(* Let $n\ge 2$ and $q\ge 0$ be real. Let $A\in M_n(\mathbb{C})$ be normal and $B\in M_n(\mathbb{C})$ arbitrary. Then $$\|AB-qBA\|_F^2\le (1+q^2)\,\|A\|_{(2),2}^2\,\|B\|_F^2 .$$ The bound is sharp: equality holds for $A=\operatorname{diag}(1,-q,0,\dots,0)$ and $B$ the matrix whose only nonzero entry is $b_{12}=1$.
   Context: $\|X\|_F=\sqrt{\operatorname{tr}(XX^\dagger)}$ is the Frobenius norm. For $X\in M_n(\mathbb{C})$ with singular values $s_1\ge s_2\ge\cdots\ge s_n$, the Ky Fan $(2),2$ norm is $\|X\|_{(2),2}=\sqrt{s_1^2+s_2^2}$. *)

theory Defs
  imports "Jordan_Normal_Form.Schur_Decomposition" "Jordan_Normal_Form.Char_Poly"
begin

definition mat_trace :: "complex mat \<Rightarrow> complex" where
  "mat_trace X = (\<Sum>i<dim_row X. X $$ (i, i))"

(* Frobenius norm: ||X||_F = sqrt(tr(X X^dagger)); the trace is real and nonnegative. *)
definition frob_norm :: "complex mat \<Rightarrow> real" where
  "frob_norm X = sqrt (Re (mat_trace (X * mat_adjoint X)))"

definition normal_mat :: "complex mat \<Rightarrow> bool" where
  "normal_mat A \<longleftrightarrow> A * mat_adjoint A = mat_adjoint A * A"

(* Singular values of a square matrix X, in non-increasing order, with multiplicity:
   the square roots of the eigenvalues (roots of the characteristic polynomial,
   counted with multiplicity) of X^dagger X, which are real and nonnegative. *)
definition singular_values :: "complex mat \<Rightarrow> real list" where
  "singular_values X =
     map sqrt (rev (sorted_list_of_multiset
       (image_mset Re (proots (char_poly (mat_adjoint X * X))))))"

definition kyfan22_norm :: "complex mat \<Rightarrow> real" where
  "kyfan22_norm X = sqrt ((singular_values X ! 0)\<^sup>2 + (singular_values X ! 1)\<^sup>2)"

end

theory Submission
  imports Defs
begin

text \<open>
  For normal \<open>A\<close> the spectral theorem gives \<open>A = U D U\<^sup>*\<close> with \<open>U\<close> unitary and
  \<open>D = diag(\<lambda>\<^sub>1, \<dots>, \<lambda>\<^sub>n)\<close>; the singular values of \<open>A\<close> are then the
  \<open>|\<lambda>\<^sub>i|\<close>, so the squared Ky Fan \<open>(2),2\<close> norm of \<open>A\<close> is the sum of the two largest
  \<open>|\<lambda>\<^sub>i|\<^sup>2\<close>. With \<open>C = U\<^sup>* B U\<close>, the matrix \<open>AB - qBA\<close> is unitarily similar to
  \<open>DC - qCD\<close>, whose \<open>(i, j)\<close> entry is \<open>(\<lambda>\<^sub>i - q\<lambda>\<^sub>j) c\<^sub>i\<^sub>j\<close>, and the Frobenius norm
  is unitarily invariant. For \<open>i \<noteq> j\<close>, Cauchy-Schwarz gives
  \<open>|\<lambda>\<^sub>i - q\<lambda>\<^sub>j|\<^sup>2 \<le> (1 + q\<^sup>2)(|\<lambda>\<^sub>i|\<^sup>2 + |\<lambda>\<^sub>j|\<^sup>2)\<close>, and for \<open>i = j\<close> the
  factor is \<open>(1 - q)\<^sup>2 \<le> 1 + q\<^sup>2\<close> because \<open>q \<ge> 0\<close>; summing over the entries of \<open>C\<close>
  gives the inequality.

  The spectral theorem is proved by deflation: completing an eigenvector to an orthonormal
  basis makes the first column of the conjugated matrix a multiple of the first unit vector,
  and normality (compare the upper left entries of \<open>AA\<^sup>*\<close> and \<open>A\<^sup>*A\<close>) forces the rest
  of the first row to vanish as well.
\<close>

section \<open>Adjoints and unitary matrices\<close>

lemma dim_mat_adjoint [simp]:
  "dim_row (mat_adjoint A) = dim_col A" "dim_col (mat_adjoint A) = dim_row A"
  by (simp_all add: mat_adjoint_def)

lemma index_mat_adjoint [simp]:
  "i < dim_col A \<Longrightarrow> j < dim_row A \<Longrightarrow> mat_adjoint A $$ (i, j) = conjugate (A $$ (j, i))"
  by (simp add: mat_adjoint_def mat_of_rows_def)

lemma mat_adjoint_carrier [simp]: "A \<in> carrier_mat n m \<Longrightarrow> mat_adjoint A \<in> carrier_mat m n"
  unfolding carrier_mat_def by simp

lemma mat_adjoint_adjoint [simp]: "mat_adjoint (mat_adjoint A) = A"
  by (rule eq_matI) simp_all

lemma conjugate_one [simp]: "conjugate (1 :: 'a :: conjugatable_field) = 1"
proof -
  have "conjugate (1 :: 'a) * conjugate 1 = conjugate 1 * 1"
    by (simp flip: conjugate_dist_mul)
  then show ?thesis
    using mult_left_cancel[of "conjugate (1 :: 'a)" "conjugate 1" 1] by simp
qed

lemma mat_adjoint_one [simp]: "mat_adjoint (1\<^sub>m n :: 'a :: conjugatable_field mat) = 1\<^sub>m n"
  by (rule eq_matI) simp_all

lemma mat_adjoint_mat_diag: "mat_adjoint (mat_diag n d) = mat_diag n (\<lambda>i. conjugate (d i))"
  by (rule eq_matI) (simp_all add: mat_diag_def)

lemma mat_adjoint_mult:
  fixes A :: "'a :: conjugatable_field mat"
  assumes A: "A \<in> carrier_mat n m" and B: "B \<in> carrier_mat m k"
  shows "mat_adjoint (A * B) = mat_adjoint B * mat_adjoint A"
proof (rule eq_matI)
  fix i j assume "i < dim_row (mat_adjoint B * mat_adjoint A)" "j < dim_col (mat_adjoint B * mat_adjoint A)"
  with A B have i: "i < k" and j: "j < n"
    by auto
  have "mat_adjoint (A * B) $$ (i, j) = conjugate (\<Sum>l\<in>{0..<m}. A $$ (j, l) * B $$ (l, i))"
    using A B i j by (simp add: scalar_prod_def)
  also have "\<dots> = (\<Sum>l\<in>{0..<m}. conjugate (B $$ (l, i)) * conjugate (A $$ (j, l)))"
    by (simp add: sum_conjugate conjugate_dist_mul mult.commute)
  also have "\<dots> = row (mat_adjoint B) i \<bullet> col (mat_adjoint A) j"
    unfolding scalar_prod_def using A B i j by (intro sum.cong) auto
  also have "\<dots> = (mat_adjoint B * mat_adjoint A) $$ (i, j)"
    using A B i j by simp
  finally show "mat_adjoint (A * B) $$ (i, j) = (mat_adjoint B * mat_adjoint A) $$ (i, j)" .
qed (use A B in auto)

lemma mat_adjoint_conj:
  fixes U :: "'a :: conjugatable_field mat"
  assumes "U \<in> carrier_mat n n" "X \<in> carrier_mat n n"
  shows "mat_adjoint (U * X * mat_adjoint U) = U * mat_adjoint X * mat_adjoint U"
  using assms by (simp add: mat_adjoint_mult[of _ n n _ n] assoc_mult_mat[of _ n n _ n _ n])

definition unitary :: "nat \<Rightarrow> 'a :: conjugatable_field mat \<Rightarrow> bool" where
  "unitary n U \<longleftrightarrow> U \<in> carrier_mat n n \<and> mat_adjoint U * U = 1\<^sub>m n"

lemma unitaryD:
  assumes "unitary n U"
  shows "U \<in> carrier_mat n n" "mat_adjoint U * U = 1\<^sub>m n" "U * mat_adjoint U = 1\<^sub>m n"
  using assms mat_mult_left_right_inverse[of "mat_adjoint U" n U] by (auto simp: unitary_def)

lemma unitary_cancel:
  assumes "unitary n U" "Z \<in> carrier_mat n k"
  shows "mat_adjoint U * (U * Z) = Z" "U * (mat_adjoint U * Z) = Z"
  using assms unitaryD[OF assms(1)] by (simp_all flip: assoc_mult_mat[of _ n n _ n _ k])

lemma unitary_one: "unitary n (1\<^sub>m n)"
  by (simp add: unitary_def)

lemma unitary_adjoint:
  assumes "unitary n U"
  shows "unitary n (mat_adjoint U)"
  unfolding unitary_def using unitaryD[OF assms] by simp

lemma unitary_mult:
  assumes "unitary n U" "unitary n V"
  shows "unitary n (U * V)"
proof -
  note U = unitaryD[OF assms(1)] and V = unitaryD[OF assms(2)]
  have "mat_adjoint (U * V) * (U * V) = 1\<^sub>m n"
    using U V by (simp add: mat_adjoint_mult[of _ n n _ n] unitary_cancel[OF assms(1), of _ n]
        assoc_mult_mat[of _ n n _ n _ n])
  with U V show ?thesis
    by (simp add: unitary_def)
qed

lemma unitary_conj_mult:
  assumes "unitary n U" "X \<in> carrier_mat n n" "Y \<in> carrier_mat n n"
  shows "(U * X * mat_adjoint U) * (U * Y * mat_adjoint U) = U * (X * Y) * mat_adjoint U"
  using assms unitaryD(1)[OF assms(1)]
  by (simp add: unitary_cancel[OF assms(1), of _ n] assoc_mult_mat[of _ n n _ n _ n])

lemma unitary_conj_adjoint_conj:
  assumes "unitary n U" "X \<in> carrier_mat n n"
  shows "U * (mat_adjoint U * X * U) * mat_adjoint U = X"
  using assms unitaryD[OF assms(1)]
  by (simp add: unitary_cancel[OF assms(1), of _ n] assoc_mult_mat[of _ n n _ n _ n])

lemma normal_mat_unitary_conj:
  assumes "unitary n U" "A \<in> carrier_mat n n" "normal_mat A"
  shows "normal_mat (U * A * mat_adjoint U)"
  using assms unitaryD(1)[OF assms(1)]
  by (simp add: normal_mat_def mat_adjoint_conj unitary_conj_mult)

lemma mult_minus_smult_distrib_mat:
  fixes U :: "'a :: comm_ring_1 mat"
  assumes "U \<in> carrier_mat m n" "X \<in> carrier_mat n n" "Y \<in> carrier_mat n n" "V \<in> carrier_mat n k"
  shows "U * (X - r \<cdot>\<^sub>m Y) * V = U * X * V - r \<cdot>\<^sub>m (U * Y * V)"
proof -
  have "U * (X - r \<cdot>\<^sub>m Y) = U * X - r \<cdot>\<^sub>m (U * Y)"
    using assms by (simp add: mult_minus_distrib_mat[of _ m n] mult_smult_distrib[of _ m n])
  with assms show ?thesis
    by (simp add: minus_mult_distrib_mat[of _ m n] mult_smult_assoc_mat[of _ m n])
qed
◇ ◇ ◇ ◇ ◇
Task statement =
Scan the preceding listing for the string "flip" and copy every line where it occurs.

Exercise solution =
    by (simp flip: conjugate_dist_mul)
  using assms unitaryD[OF assms(1)] by (simp_all flip: assoc_mult_mat[of _ n n _ n _ k])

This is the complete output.